=== The task ===
Nothing outside the range is wanted. Repeat exactly the lines below from the one with "using \<open>0 < h\<close> by" through the one with "i)\<bar> < \<epsilon>".

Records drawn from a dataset
========

lemma monotone_approx_between_grid_points:
  fixes G N :: "real \<Rightarrow> real" and t :: "nat \<Rightarrow> real"
  assumes "mono G" "mono N" "0 < n" "x \<in> {t 0..t n}"
    and at_grid: "\<And>i. i \<le> n \<Longrightarrow> \<bar>G (t i) - N (t i)\<bar> \<le> e"
    and N_steps: "\<And>i. i < n \<Longrightarrow> N (t (Suc i)) - N (t i) \<le> e'"
  shows "\<bar>G x - N x\<bar> \<le> e + e'"
proof -
  obtain i where "i < n" "t i \<le> x" "x \<le> t (Suc i)"
    using exists_grid_cell[of n t x] assms(3,4) by auto
  with assms(1,2) have "G (t i) \<le> G x" "G x \<le> G (t (Suc i))" "N (t i) \<le> N x" "N x \<le> N (t (Suc i))"
    by (simp_all add: monoD)
  with at_grid[of i] at_grid[of "Suc i"] N_steps[of i] \<open>i < n\<close> show ?thesis
    by (simp add: abs_le_iff)
qed

lemma cdf_of_density_on_interval:
  fixes N f :: "real \<Rightarrow> real"
  assumes "A < B"
    and f_vanishes: "\<And>x. x \<notin> {A..B} \<Longrightarrow> f x = 0"
    and N_integral: "\<And>x. (f has_integral N x) {..x}"
    and "(N \<longlongrightarrow> 1) at_top"
  shows "continuous_on {A..B} N" "N A = 0" "N B = 1"
proof -
  have N_from_A: "(f has_integral N x) {A..x}" if "A \<le> x" for x
  proof -
    have "((\<lambda>y. if y \<in> {A..x} then f y else 0) has_integral N x) {..x}"
      using N_integral[of x] by (rule has_integral_cong[THEN iffD2, rotated]) (auto intro: f_vanishes)
    then show ?thesis
      by (rule has_integral_restrict[THEN iffD1, rotated]) auto
  qed
  have "continuous_on {A..B} (\<lambda>x. integral {A..x} f)"
    using N_from_A[of B] \<open>A < B\<close> by (intro indefinite_integral_continuous_1) auto
  then show "continuous_on {A..B} N"
    by (rule continuous_on_eq) (simp add: N_from_A integral_unique)
  show "N A = 0"
    using N_from_A[of A] by (simp add: has_integral_unique[OF _ has_integral_refl(2)])
  have "N x = N B" if "B \<le> x" for x
    using has_integral_on_superset[OF N_integral[of B] f_vanishes] \<open>A < B\<close> that
    by (intro has_integral_unique[OF N_integral[of x]]) auto
  then have "(N \<longlongrightarrow> N B) at_top"
    by (intro tendsto_eventually eventually_at_top_linorderI) 
  with \<open>(N \<longlongrightarrow> 1) at_top\<close> show "N B = 1"
    using tendsto_unique[OF trivial_limit_at_top_linorder] by metis
qed

lemma exists_grid_small_steps:
  fixes N :: "real \<Rightarrow> real"
  assumes "continuous_on {A..B} N" "A < B" "0 < e"
  shows "\<exists>n t. 0 < n \<and> strict_mono t \<and> t 0 = A \<and> t n = B \<and>
           (\<forall>i<n. \<bar>N (t (Suc i)) - N (t i)\<bar> < e)"
proof -
  obtain r where "0 < r" and r: "\<And>x y. x \<in> {A..B} \<Longrightarrow> y \<in> {A..B} \<Longrightarrow> dist y x < r \<Longrightarrow> dist (N y) (N x) < e"
    using compact_uniformly_continuous[OF assms(1) compact_Icc] \<open>0 < e\<close>
    unfolding uniformly_continuous_on_def by metis
  obtain n :: nat where n: "(B - A) / r < n"
    using reals_Archimedean2 by blast
  have "0 < (B - A) / r"
    using \<open>A < B\<close> \<open>0 < r\<close> by simp
  with n have "0 < n"
    by (metis of_nat_0_less_iff order.strict_trans)
  define h where "h = (B - A) / n"
  define t where "t i = A + real i * h" for i
  have "0 < h" "h < r"
    using n \<open>0 < n\<close> \<open>A < B\<close> \<open>0 < r\<close> by (simp_all add: h_def field_simps)
  have "strict_mono t"
    using \<open>0 < h\<close> by (intro strict_monoI) (simp add: t_def mult_strict_right_mono)
  have "t 0 = A" "t n = B"
    using \<open>0 < n\<close> by (simp_all add: t_def h_def)
  have t_in: "t i \<in> {A..B}" if "i \<le> n" for i
    using that \<open>t 0 = A\<close> \<open>t n = B\<close> strict_mono_less_eq[OF \<open>strict_mono t\<close>] by auto
  have "\<bar>N (t (Suc i)) - N (t i)\<bar> < e" if "i < n" for i
  proof -
    have "dist (t (Suc i)) (t i) < r"
      using \<open>0 < h\<close> \<open>h < r\<close> by (simp add: t_def dist_real_def distrib_right)
    then show ?thesis
      using r[OF t_in[of i] t_in[of "Suc i"]] that by (simp add: dist_real_def)
  qed
  with \<open>0 < n\<close> \<open>strict_mono t\<close> \<open>t 0 = A\<close> \<open>t n = B\<close> show ?thesis
    by (intro exI[of _ n] exI[of _ t]) simp
qed

theorem lemma5:
  fixes N f :: "real \<Rightarrow> real" and A B :: real
  assumes "A < B"
    and "\<And>x. 0 \<le> N x \<and> N x \<le> 1"
    and "mono N"
    and "(N \<longlongrightarrow> 0) at_bot" and "(N \<longlongrightarrow> 1) at_top"
    and "\<And>x. f x \<ge> 0"
    and "\<And>x. x \<notin> {A..B} \<Longrightarrow> f x = 0"
    and "\<And>x. (f has_integral N x) {..x}"
  shows "\<forall>\<epsilon>>0. \<exists>As Bs L d W c \<beta>. As < Bs \<and> valid_pnn L d W \<beta> \<and>
           (SUP x\<in>{A..B}. \<bar>pnn_norm L d W c \<beta> As Bs x - N x\<bar>) < \<epsilon>"
proof (intro allI impI)
  fix \<epsilon> :: real assume "0 < \<epsilon>"
  have "continuous_on {A..B} N" "N A = 0" "N B = 1"
    using cdf_of_density_on_interval[OF assms(1,7,8,5)] by blast+
  obtain n t where "0 < n" "strict_mono t" "t 0 = A" "t n = B"
    and N_steps: "\<forall>i<n. \<bar>N (t (Suc i)) - N (t i)\<bar> < \<epsilon> / 4"
    using exists_grid_small_steps[OF \<open>continuous_on {A..B} N\<close> \<open>A < B\<close>, of "\<epsilon> / 4"] \<open>0 < \<epsilon>\<close> by auto
  obtain \<beta> where "\<forall>j<n. 0 < \<beta> j" "(\<Sum>j<n. \<beta> j) = 1"
    and \<beta>_near: "\<forall>i\<le>n. \<bar>(\<Sum>j<i. \<beta> j) - N (t i)\<bar> \<le> \<epsilon> / 8"
    using exists_positive_weights_near_grid_values[of n "min (\<epsilon> / 8) (1 / 2)" "N \<circ> t"]
      \<open>0 < n\<close> \<open>0 < \<epsilon>\<close> \<open>t 0 = A\<close> \<open>t n = B\<close> \<open>N A = 0\<close> \<open>N B = 1\<close> assms(2)
      monoD[OF \<open>mono N\<close>] strict_mono_mono[OF \<open>strict_mono t\<close>, THEN monoD]
    by fastforce
  then obtain d W c where "valid_pnn 2 d W \<beta>" and G_mono: "mono (pnn_norm 2 d W c \<beta> (A - 1) (B + 1))"
    and G_near: "\<forall>i\<le>n. \<bar>pnn_norm 2 d W c \<beta> (A - 1) (B + 1) (t i) - (\<Sum>j<i. \<beta> j)\<bar> < \<epsilon> / 8"
    using exists_pnn_near_partial_sums[of t "A - 1" n "B + 1" \<beta> "\<epsilon> / 8"]
      \<open>strict_mono t\<close> \<open>t 0 = A\<close> \<open>t n = B\<close> \<open>0 < \<epsilon>\<close> by auto
  let ?G = "pnn_norm 2 d W c \<beta> (A - 1) (B + 1)"
  have "\<bar>?G x - N x\<bar> \<le> \<epsilon> / 4 + \<epsilon> / 4" if "x \<in> {A..B}" for x
  proof (rule monotone_approx_between_grid_points[OF G_mono \<open>mono N\<close> \<open>0 < n\<close>])
    show "x \<in> {t 0..t n}"
      using that \<open>t 0 = A\<close> \<open>t n = B\<close> by simp
    show "\<bar>?G (t i) - N (t i)\<bar> \<le> \<epsilon> / 4" if "i \<le> n" for i
      using G_near[rule_format, OF that] \<beta>_near[rule_format, OF that] by linarith
    show "N (t (Suc i)) - N (t i) \<le> \<epsilon> / 4" if "i < n" for i
      using N_steps[rule_format, OF that] by linarith
  qed
  then have "(SUP x\<in>{A..B}. \<bar>?G x - N x\<bar>) \<le> \<epsilon> / 4 + \<epsilon> / 4"
    using \<open>A < B\<close> by (intro cSUP_least) auto
  then have "(SUP x\<in>{A..B}. \<bar>?G x - N x\<bar>) < \<epsilon>"
    using \<open>0 < \<epsilon>\<close> by linarith
  with \<open>valid_pnn 2 d W \<beta>\<close> show "\<exists>As Bs L d W c \<beta>. As < Bs \<and> valid_pnn L d W \<beta> \<and>
           (SUP x\<in>{A..B}. \<bar>pnn_norm L d W c \<beta> As Bs x - N x\<bar>) < \<epsilon>"
    using \<open>A < B\<close> by (intro exI[of _ "A - 1"] exI[of _ "B + 1"] exI[of _ 2]) auto
qed

end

========

=== Finished exercise ===
    using \<open>0 < h\<close> by (intro strict_monoI) (simp add: t_def mult_strict_right_mono)
  have "t 0 = A" "t n = B"
    using \<open>0 < n\<close> by (simp_all add: t_def h_def)
  have t_in: "t i \<in> {A..B}" if "i \<le> n" for i
    using that \<open>t 0 = A\<close> \<open>t n = B\<close> strict_mono_less_eq[OF \<open>strict_mono t\<close>] by auto
  have "\<bar>N (t (Suc i)) - N (t i)\<bar> < e" if "i < n" for i
  proof -
    have "dist (t (Suc i)) (t i) < r"
      using \<open>0 < h\<close> \<open>h < r\<close> by (simp add: t_def dist_real_def distrib_right)
    then show ?thesis
      using r[OF t_in[of i] t_in[of "Suc i"]] that by (simp add: dist_real_def)
  qed
  with \<open>0 < n\<close> \<open>strict_mono t\<close> \<open>t 0 = A\<close> \<open>t n = B\<close> show ?thesis
    by (intro exI[of _ n] exI[of _ t]) simp
qed

theorem lemma5:
  fixes N f :: "real \<Rightarrow> real" and A B :: real
  assumes "A < B"
    and "\<And>x. 0 \<le> N x \<and> N x \<le> 1"
    and "mono N"
    and "(N \<longlongrightarrow> 0) at_bot" and "(N \<longlongrightarrow> 1) at_top"
    and "\<And>x. f x \<ge> 0"
    and "\<And>x. x \<notin> {A..B} \<Longrightarrow> f x = 0"
    and "\<And>x. (f has_integral N x) {..x}"
  shows "\<forall>\<epsilon>>0. \<exists>As Bs L d W c \<beta>. As < Bs \<and> valid_pnn L d W \<beta> \<and>
           (SUP x\<in>{A..B}. \<bar>pnn_norm L d W c \<beta> As Bs x - N x\<bar>) < \<epsilon>"
proof (intro allI impI)
  fix \<epsilon> :: real assume "0 < \<epsilon>"
  have "continuous_on {A..B} N" "N A = 0" "N B = 1"
    using cdf_of_density_on_interval[OF assms(1,7,8,5)] by blast+
  obtain n t where "0 < n" "strict_mono t" "t 0 = A" "t n = B"
    and N_steps: "\<forall>i<n. \<bar>N (t (Suc i)) - N (t i)\<bar> < \<epsilon> / 4"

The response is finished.